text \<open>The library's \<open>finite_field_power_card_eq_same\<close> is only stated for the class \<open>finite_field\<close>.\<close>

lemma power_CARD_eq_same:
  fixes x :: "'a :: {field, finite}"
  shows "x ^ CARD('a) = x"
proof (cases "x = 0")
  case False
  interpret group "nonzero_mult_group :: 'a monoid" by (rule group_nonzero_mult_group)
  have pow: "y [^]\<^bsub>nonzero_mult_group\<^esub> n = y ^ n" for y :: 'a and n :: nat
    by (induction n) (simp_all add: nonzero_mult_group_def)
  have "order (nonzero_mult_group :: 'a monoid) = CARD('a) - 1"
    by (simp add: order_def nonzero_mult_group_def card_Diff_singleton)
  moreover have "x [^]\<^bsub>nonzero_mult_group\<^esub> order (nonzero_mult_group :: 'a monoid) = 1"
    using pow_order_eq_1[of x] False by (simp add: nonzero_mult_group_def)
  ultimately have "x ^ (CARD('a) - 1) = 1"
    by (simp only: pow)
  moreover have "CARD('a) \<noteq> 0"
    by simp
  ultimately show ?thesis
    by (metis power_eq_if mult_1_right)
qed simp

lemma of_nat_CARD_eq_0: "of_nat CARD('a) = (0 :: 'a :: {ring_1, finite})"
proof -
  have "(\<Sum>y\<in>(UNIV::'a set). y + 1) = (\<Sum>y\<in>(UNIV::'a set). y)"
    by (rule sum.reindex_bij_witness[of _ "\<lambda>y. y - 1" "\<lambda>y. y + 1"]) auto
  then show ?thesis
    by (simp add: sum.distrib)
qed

_ _ _ _

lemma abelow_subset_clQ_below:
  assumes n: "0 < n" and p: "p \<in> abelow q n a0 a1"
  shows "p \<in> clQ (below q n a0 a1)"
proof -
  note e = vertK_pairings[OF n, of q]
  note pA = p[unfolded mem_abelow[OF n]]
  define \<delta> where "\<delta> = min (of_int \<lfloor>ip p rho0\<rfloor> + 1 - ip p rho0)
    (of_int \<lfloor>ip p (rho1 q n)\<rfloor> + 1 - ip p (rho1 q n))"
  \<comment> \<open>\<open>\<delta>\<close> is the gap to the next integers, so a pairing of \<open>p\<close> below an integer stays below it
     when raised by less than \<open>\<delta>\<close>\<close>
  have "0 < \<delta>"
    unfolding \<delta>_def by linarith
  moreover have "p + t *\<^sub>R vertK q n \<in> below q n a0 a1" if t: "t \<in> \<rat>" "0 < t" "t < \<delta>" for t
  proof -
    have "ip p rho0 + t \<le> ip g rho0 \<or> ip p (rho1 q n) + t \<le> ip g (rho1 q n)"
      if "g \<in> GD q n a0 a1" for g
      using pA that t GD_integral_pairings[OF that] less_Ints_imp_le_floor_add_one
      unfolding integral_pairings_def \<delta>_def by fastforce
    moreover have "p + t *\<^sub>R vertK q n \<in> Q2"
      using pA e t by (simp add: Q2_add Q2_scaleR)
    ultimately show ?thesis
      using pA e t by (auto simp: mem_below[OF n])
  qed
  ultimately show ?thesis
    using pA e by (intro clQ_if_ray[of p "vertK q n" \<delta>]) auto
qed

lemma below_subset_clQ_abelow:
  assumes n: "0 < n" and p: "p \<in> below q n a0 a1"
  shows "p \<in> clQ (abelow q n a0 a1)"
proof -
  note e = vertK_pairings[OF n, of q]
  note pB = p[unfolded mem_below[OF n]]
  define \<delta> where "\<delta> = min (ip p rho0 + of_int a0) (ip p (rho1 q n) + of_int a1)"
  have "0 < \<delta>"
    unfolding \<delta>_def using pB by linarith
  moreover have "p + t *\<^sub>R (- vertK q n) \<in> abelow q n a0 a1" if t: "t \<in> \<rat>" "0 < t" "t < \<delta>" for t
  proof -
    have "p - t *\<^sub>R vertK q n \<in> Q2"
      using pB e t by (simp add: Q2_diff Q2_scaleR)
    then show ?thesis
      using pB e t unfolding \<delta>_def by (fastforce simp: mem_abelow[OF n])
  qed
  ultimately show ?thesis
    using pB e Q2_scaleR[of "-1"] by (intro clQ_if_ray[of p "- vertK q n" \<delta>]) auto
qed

_ _ _ _

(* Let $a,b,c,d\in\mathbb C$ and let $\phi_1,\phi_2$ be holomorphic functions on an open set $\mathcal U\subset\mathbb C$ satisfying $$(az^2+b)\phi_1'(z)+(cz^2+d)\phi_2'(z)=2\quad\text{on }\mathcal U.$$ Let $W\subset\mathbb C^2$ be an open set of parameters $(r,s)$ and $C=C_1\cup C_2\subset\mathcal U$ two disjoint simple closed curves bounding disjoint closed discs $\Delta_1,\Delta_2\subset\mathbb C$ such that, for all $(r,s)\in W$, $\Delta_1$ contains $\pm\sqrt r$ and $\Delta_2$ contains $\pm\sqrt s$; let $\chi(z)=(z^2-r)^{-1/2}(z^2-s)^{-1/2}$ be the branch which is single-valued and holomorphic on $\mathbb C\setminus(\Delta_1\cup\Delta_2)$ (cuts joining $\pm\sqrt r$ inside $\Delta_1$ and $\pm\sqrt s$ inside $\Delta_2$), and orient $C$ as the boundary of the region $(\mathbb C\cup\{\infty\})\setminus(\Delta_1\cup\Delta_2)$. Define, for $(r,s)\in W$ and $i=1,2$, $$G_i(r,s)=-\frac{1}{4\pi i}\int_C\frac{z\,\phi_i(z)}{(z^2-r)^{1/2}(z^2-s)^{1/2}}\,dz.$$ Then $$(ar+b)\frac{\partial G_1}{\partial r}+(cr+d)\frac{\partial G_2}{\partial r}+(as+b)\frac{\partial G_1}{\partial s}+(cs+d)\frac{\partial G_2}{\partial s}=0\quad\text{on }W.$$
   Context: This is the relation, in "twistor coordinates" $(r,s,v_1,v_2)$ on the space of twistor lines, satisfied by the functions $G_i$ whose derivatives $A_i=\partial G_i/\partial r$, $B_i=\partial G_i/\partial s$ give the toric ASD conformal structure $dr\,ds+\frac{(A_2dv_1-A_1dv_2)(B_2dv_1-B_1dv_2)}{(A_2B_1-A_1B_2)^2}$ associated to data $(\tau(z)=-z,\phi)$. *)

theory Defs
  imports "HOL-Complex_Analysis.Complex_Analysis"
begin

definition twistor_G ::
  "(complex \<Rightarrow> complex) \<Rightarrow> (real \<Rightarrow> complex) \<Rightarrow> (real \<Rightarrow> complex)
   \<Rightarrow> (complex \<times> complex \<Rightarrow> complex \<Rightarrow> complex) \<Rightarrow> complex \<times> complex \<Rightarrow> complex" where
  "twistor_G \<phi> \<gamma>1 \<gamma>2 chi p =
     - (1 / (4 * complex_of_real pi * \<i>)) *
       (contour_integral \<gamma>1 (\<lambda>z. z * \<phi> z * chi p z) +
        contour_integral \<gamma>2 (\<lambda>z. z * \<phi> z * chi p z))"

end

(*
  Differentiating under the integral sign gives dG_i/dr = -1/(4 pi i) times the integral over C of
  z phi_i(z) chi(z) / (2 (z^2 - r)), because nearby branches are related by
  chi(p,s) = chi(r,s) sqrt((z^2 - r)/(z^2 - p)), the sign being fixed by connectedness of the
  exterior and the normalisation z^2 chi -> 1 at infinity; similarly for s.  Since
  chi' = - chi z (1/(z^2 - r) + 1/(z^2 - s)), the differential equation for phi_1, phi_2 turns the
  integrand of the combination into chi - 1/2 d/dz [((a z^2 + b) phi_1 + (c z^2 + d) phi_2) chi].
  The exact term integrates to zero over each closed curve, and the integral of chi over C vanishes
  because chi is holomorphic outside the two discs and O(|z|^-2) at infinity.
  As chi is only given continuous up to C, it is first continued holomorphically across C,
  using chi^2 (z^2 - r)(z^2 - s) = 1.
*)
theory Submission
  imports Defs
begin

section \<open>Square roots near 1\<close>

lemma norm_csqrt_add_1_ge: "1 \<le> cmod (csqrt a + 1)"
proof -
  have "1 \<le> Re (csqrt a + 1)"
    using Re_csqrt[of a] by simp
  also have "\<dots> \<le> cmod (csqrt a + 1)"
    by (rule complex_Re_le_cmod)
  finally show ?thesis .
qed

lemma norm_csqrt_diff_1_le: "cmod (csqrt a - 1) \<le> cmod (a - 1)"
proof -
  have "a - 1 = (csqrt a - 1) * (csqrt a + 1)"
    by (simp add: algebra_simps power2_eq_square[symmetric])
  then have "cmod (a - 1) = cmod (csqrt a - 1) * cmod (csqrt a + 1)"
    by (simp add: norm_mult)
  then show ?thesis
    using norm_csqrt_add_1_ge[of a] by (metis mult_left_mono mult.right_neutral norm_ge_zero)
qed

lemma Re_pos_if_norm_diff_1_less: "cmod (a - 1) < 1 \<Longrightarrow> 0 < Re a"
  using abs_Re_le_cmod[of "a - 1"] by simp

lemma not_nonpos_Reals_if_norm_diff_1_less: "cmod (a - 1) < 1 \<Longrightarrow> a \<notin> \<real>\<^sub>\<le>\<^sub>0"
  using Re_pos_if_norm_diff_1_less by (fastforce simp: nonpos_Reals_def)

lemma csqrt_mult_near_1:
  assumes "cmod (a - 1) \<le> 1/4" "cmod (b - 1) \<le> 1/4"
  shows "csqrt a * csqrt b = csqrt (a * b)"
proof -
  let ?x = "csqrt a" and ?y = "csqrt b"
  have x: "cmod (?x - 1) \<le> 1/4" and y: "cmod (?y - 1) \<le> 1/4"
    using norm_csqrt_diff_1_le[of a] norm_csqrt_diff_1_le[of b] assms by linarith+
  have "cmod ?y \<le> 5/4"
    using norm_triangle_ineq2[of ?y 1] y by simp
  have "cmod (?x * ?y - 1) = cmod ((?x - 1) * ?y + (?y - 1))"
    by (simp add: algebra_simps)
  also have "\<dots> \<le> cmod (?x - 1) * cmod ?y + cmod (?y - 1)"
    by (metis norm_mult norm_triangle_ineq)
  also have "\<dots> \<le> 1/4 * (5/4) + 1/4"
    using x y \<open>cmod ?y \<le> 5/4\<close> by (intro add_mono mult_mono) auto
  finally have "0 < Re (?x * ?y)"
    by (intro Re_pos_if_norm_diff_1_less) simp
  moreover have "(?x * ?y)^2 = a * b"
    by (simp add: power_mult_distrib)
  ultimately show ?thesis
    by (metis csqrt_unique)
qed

_ _ _ _

● **Exercise description**: Copy exactly the stretch of data above from the line with "text \<open>The library's" through the line with "monoid) = CARD('a)", and omit all other lines.

● **Response for this exercise**:
text \<open>The library's \<open>finite_field_power_card_eq_same\<close> is only stated for the class \<open>finite_field\<close>.\<close>

lemma power_CARD_eq_same:
  fixes x :: "'a :: {field, finite}"
  shows "x ^ CARD('a) = x"
proof (cases "x = 0")
  case False
  interpret group "nonzero_mult_group :: 'a monoid" by (rule group_nonzero_mult_group)
  have pow: "y [^]\<^bsub>nonzero_mult_group\<^esub> n = y ^ n" for y :: 'a and n :: nat
    by (induction n) (simp_all add: nonzero_mult_group_def)
  have "order (nonzero_mult_group :: 'a monoid) = CARD('a) - 1"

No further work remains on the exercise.